→ **Records drawn from a dataset**
[Start of section]
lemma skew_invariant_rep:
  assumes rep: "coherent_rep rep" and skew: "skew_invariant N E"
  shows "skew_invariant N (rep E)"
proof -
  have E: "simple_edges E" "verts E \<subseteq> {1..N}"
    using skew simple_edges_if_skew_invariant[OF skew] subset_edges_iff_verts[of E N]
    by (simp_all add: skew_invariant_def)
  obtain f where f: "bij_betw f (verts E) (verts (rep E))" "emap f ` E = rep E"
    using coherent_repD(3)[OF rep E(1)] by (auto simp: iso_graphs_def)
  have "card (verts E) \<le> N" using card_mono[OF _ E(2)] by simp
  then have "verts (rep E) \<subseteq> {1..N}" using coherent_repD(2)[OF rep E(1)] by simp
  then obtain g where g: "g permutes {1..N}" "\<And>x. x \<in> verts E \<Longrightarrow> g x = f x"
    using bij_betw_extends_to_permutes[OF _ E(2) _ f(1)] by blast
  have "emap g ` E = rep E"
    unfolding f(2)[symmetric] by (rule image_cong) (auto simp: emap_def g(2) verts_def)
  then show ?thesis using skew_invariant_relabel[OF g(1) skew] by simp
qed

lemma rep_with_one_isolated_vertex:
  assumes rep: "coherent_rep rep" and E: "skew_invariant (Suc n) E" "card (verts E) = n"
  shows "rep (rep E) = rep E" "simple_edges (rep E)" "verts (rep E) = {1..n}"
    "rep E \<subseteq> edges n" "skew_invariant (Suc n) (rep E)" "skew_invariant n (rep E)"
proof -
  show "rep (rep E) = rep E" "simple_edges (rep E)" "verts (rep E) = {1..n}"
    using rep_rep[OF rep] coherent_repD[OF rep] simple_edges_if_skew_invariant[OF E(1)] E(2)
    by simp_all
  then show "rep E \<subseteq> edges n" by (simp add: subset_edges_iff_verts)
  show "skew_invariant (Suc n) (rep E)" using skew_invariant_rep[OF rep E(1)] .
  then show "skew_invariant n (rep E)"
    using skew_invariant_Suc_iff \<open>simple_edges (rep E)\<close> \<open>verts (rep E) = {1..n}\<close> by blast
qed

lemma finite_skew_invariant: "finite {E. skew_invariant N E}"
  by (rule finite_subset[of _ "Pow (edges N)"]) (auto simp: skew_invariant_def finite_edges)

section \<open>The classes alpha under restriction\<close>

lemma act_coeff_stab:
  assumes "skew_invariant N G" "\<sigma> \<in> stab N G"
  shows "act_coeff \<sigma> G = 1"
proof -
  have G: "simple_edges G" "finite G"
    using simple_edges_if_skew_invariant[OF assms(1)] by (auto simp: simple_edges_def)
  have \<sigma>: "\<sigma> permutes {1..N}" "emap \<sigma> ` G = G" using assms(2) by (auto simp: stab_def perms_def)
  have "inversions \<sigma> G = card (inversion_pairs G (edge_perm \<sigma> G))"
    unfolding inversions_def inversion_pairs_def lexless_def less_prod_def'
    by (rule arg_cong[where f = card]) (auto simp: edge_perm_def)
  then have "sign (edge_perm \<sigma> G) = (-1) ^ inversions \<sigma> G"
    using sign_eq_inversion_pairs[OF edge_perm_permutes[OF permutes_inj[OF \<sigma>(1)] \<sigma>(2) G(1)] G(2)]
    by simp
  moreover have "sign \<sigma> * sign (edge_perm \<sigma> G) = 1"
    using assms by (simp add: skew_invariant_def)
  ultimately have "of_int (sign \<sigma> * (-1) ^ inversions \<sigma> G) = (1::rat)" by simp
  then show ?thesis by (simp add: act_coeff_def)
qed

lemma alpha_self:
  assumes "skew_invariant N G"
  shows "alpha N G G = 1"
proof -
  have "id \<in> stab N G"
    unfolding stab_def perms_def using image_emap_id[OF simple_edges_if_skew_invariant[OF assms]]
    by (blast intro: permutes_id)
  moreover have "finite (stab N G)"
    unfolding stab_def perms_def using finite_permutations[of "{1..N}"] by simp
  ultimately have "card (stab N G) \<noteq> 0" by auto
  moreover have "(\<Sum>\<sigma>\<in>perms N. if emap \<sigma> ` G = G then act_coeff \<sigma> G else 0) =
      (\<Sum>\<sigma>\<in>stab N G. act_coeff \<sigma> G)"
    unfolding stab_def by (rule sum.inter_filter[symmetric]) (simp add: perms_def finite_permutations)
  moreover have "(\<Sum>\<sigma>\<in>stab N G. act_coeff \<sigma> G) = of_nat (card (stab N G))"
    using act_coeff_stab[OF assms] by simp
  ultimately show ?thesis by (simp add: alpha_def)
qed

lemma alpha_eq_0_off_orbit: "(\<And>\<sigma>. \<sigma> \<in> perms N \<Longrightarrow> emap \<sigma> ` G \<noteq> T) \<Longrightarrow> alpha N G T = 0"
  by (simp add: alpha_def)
[End of section]
→ **Problem**
The required answer is a single number: the count of lines in the entries that hold the string "rule".

→ **Response**
4